* Brief:
Collect each line of the records containing the string "LINT".

* Dataset records:
(* An instance of the Side-Access Compact Retrieval Problem admits a feasible solution if and only if for every target $b\in\mathcal B$ and every stack $t<s(b)$ we have $h(t)\ge h(b)-R(b)$.
   Context: A slice is a sequence of stacks $T=(1,\dots,m)$, indexed from the entry side (stack $1$) outward; "left" means smaller index. Stack $t$ initially consists of $h(t)\ge 0$ unit loads (ULs) stacked without gaps; a UL at height $k$ has exactly $k$ ULs below it in its stack. A pick-list $\mathcal B$ of target ULs is given; target $b$ lies in stack $s(b)$ at initial height $h(b)$; $R(b)$ is the number of targets initially located below $b$ in stack $s(b)$. Retrieval proceeds in cycles $c=1,2,\dots$; $h_c(t)$, $h_c(b)$ are the heights of stack $t$ and of a not-yet-retrieved target $b$ at the start of cycle $c$ ($h_1=h$). In cycle $c$ one chooses clearance levels $\ell_c(t)\in\{0,\dots,h_c(t)\}$: the top $e_c(t)=h_c(t)-\ell_c(t)$ ULs of stack $t$ are lifted for the whole cycle. Then a sequence $(b_{c,1},\dots,b_{c,k})$ of targets is retrieved, with residual heights $d_{c,0}=\ell_c$ and $d_{c,i}(t)=d_{c,i-1}(t)-1$ if $t=s(b_{c,i})$, else $d_{c,i}(t)=d_{c,i-1}(t)$. Retrieving $b$ (stack $t$, height $h=h_c(b)$) as the $i$-th retrieval requires accessibility: (a) $d_{c,i-1}(t)=h+1$ and (b) $d_{c,i-1}(t')=h$ for all $t'<t$. Afterwards lifted ULs are lowered, $h_{c+1}(t)=d_{c,k}(t)+e_c(t)$, and each remaining target's height decreases by the number of targets retrieved in cycle $c$ below it in its stack. Non-targets are never removed. A solution is feasible if every target of $\mathcal B$ is retrieved exactly once and is accessible when retrieved. *)

theory Defs
  imports Main
begin
lemma hyp0F1_update_first:
  assumes "1 \<le> p"
  shows "hyp0F1 n p (d(0 := x))
    = (\<integral>X. exp (x * X (0,0) + (\<Sum>j\<in>{1..<p}. d j * X (j,j))) \<partial>haar_stiefel n p)"
proof -
  have split: "{..<p} = insert 0 {1..<p}" using assms by auto
  have tail: "(\<Sum>j\<in>{1..<p}. (d(0 := x)) j * X (j,j)) = (\<Sum>j\<in>{1..<p}. d j * X (j,j))"
    for X :: "nat \<times> nat \<Rightarrow> real"
    by (rule sum.cong) auto
  have "(\<Sum>j<p. (d(0 := x)) j * X (j,j)) = x * X (0,0) + (\<Sum>j\<in>{1..<p}. d j * X (j,j))"
    for X :: "nat \<times> nat \<Rightarrow> real"
    unfolding split by (simp add: tail)
  then show ?thesis
    unfolding hyp0F1_def by simp
qed

theorem lemma11:
  fixes n p :: nat and \<nu> \<epsilon> B m :: real and \<eta> d :: "nat \<Rightarrow> real"
    and g :: "real \<Rightarrow> real"
  assumes "1 \<le> p" and "p \<le> n" and "\<nu> > 0"
    and "\<forall>j<p. \<eta> j < 1"
    and "\<forall>j\<in>{1..<p}. d j \<ge> 0"
    and "g = (\<lambda>x. exp (\<nu> * \<eta> 0 * x) / (hyp0F1 n p (d(0 := x))) powr \<nu>)"
    and "m \<ge> 0" and "\<forall>x\<ge>0. g x \<le> g m"
    and "\<epsilon> > 0" and "B > m" and "g B / g m < \<epsilon>"
  shows "(LINT x:{B<..}|lborel. g x) / (LINT x:{0..}|lborel. g x) < \<epsilon>"
proof -
  note F = hyp0F1_update_first[OF \<open>1 \<le> p\<close>]
  have g: "\<And>x. g x = exp ((\<nu> * \<eta> 0) * x) / hyp0F1 n p (d(0 := x)) powr \<nu>"
    using assms(6) by simp
  have exch: "\<And>x. B < x \<Longrightarrow> g x * g m \<le> g B * g (x - B + m)"
    using exp_over_integral_exp_powr_exchange[OF F g] \<open>\<nu> > 0\<close> \<open>B > m\<close> by simp
  have "(LINT x:{B<..}|lborel. g x) / (LINT x:{0..}|lborel. g x) \<le> g B / g m"
    using tail_integral_ratio_le[OF _ \<open>m \<ge> 0\<close> \<open>B > m\<close> _ exch] assms(8) unfolding g by simp
  with \<open>g B / g m < \<epsilon>\<close> show ?thesis
    by linarith
qed

end
(* For every $\varepsilon_x,\varepsilon_y\in(-1,1)$, consider the coupled replicator dynamics of the two-person Rock-Scissors-Paper game described in the context, with its heteroclinic cycle $$C_4=\left[(\mathrm{S},\mathrm{R})\to(\mathrm{R},\mathrm{R})\to(\mathrm{P},\mathrm{R})\to(\mathrm{P},\mathrm{S})\to(\mathrm{S},\mathrm{S})\to(\mathrm{R},\mathrm{S})\to(\mathrm{R},\mathrm{P})\to(\mathrm{P},\mathrm{P})\to(\mathrm{S},\mathrm{P})\to(\mathrm{S},\mathrm{R})\right].$$ Then all stability indices of $C_4$ (at all points of its connecting trajectories) are $-\infty$, and $C_4$ is completely unstable.
   Context: Payoff matrices (rows/columns ordered R, S, P): $A=\begin{pmatrix}0&1-\varepsilon_x&-1-\varepsilon_x\\-1-\varepsilon_x&0&1-\varepsilon_x\\1-\varepsilon_x&-1-\varepsilon_x&0\end{pmatrix}$ and $B$ is the same matrix with $\varepsilon_x$ replaced by $\varepsilon_y$. Let $\Delta_X,\Delta_Y\subset\mathbb{R}^3$ be unit simplices and $\Delta=\Delta_X\times\Delta_Y$ with points $(x_1,x_2,x_3;y_1,y_2,y_3)$. The dynamics is $\dot x_i=x_i[(A\mathbf{y})_i-\mathbf{x}^TA\mathbf{y}]$, $\dot y_j=y_j[(B\mathbf{x})_j-\mathbf{y}^TB\mathbf{x}]$. The vertex $(a,b)$, $a,b\in\{\mathrm{R},\mathrm{S},\mathrm{P}\}$, is the equilibrium where $\mathbf{x}=e_1,e_2,e_3$ according as $a=\mathrm{R},\mathrm{S},\mathrm{P}$, and similarly $\mathbf{y}$ for $b$. An arrow $(a,b)\to(a',b')$ denotes the heteroclinic connection along the edge of $\Delta$ joining these vertices. For a compact invariant set $S$ with flow $\Phi_t$: $B_\epsilon(S)$ is its $\epsilon$-neighbourhood, $\mathcal{B}_\delta(S)=\{x:\Phi_t(x)\in B_\delta(S)\ \forall t\ge0,\ d(\Phi_t(x),S)\to0\}$, $\ell$ is Lebesgue measure in the appropriate dimension. The local stability index at $x\in S$ is $\sigma(x)=\sigma_+(x)-\sigma_-(x)$, where with $\Sigma_{\epsilon,\delta}(x)=\ell(B_\epsilon(x)\cap\mathcal{B}_\delta(S))/\ell(B_\epsilon(x))$, $\sigma_-(x)=\lim_{\delta\to0}\lim_{\epsilon\to0}\ln\Sigma_{\epsilon,\delta}(x)/\ln\epsilon$, $\sigma_+(x)=\lim_{\delta\to0}\lim_{\epsilon\to0}\ln(1-\Sigma_{\epsilon,\delta}(x))/\ln\epsilon$ (with $\sigma_-=\infty$ if $\Sigma_{\epsilon,\delta}=0$ for all small $\epsilon$, $\sigma_+=\infty$ if $\Sigma_{\epsilon,\delta}=1$ for all small $\epsilon$). $S$ is completely unstable if $\ell(\mathcal{B}_\delta(S))=0$ for some $\delta>0$. *)

theory Defs
  imports "HOL-Analysis.Analysis"
begin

* Answer box:
  shows "(LINT x:{B<..}|lborel. g x) / (LINT x:{0..}|lborel. g x) < \<epsilon>"
  have "(LINT x:{B<..}|lborel. g x) / (LINT x:{0..}|lborel. g x) \<le> g B / g m"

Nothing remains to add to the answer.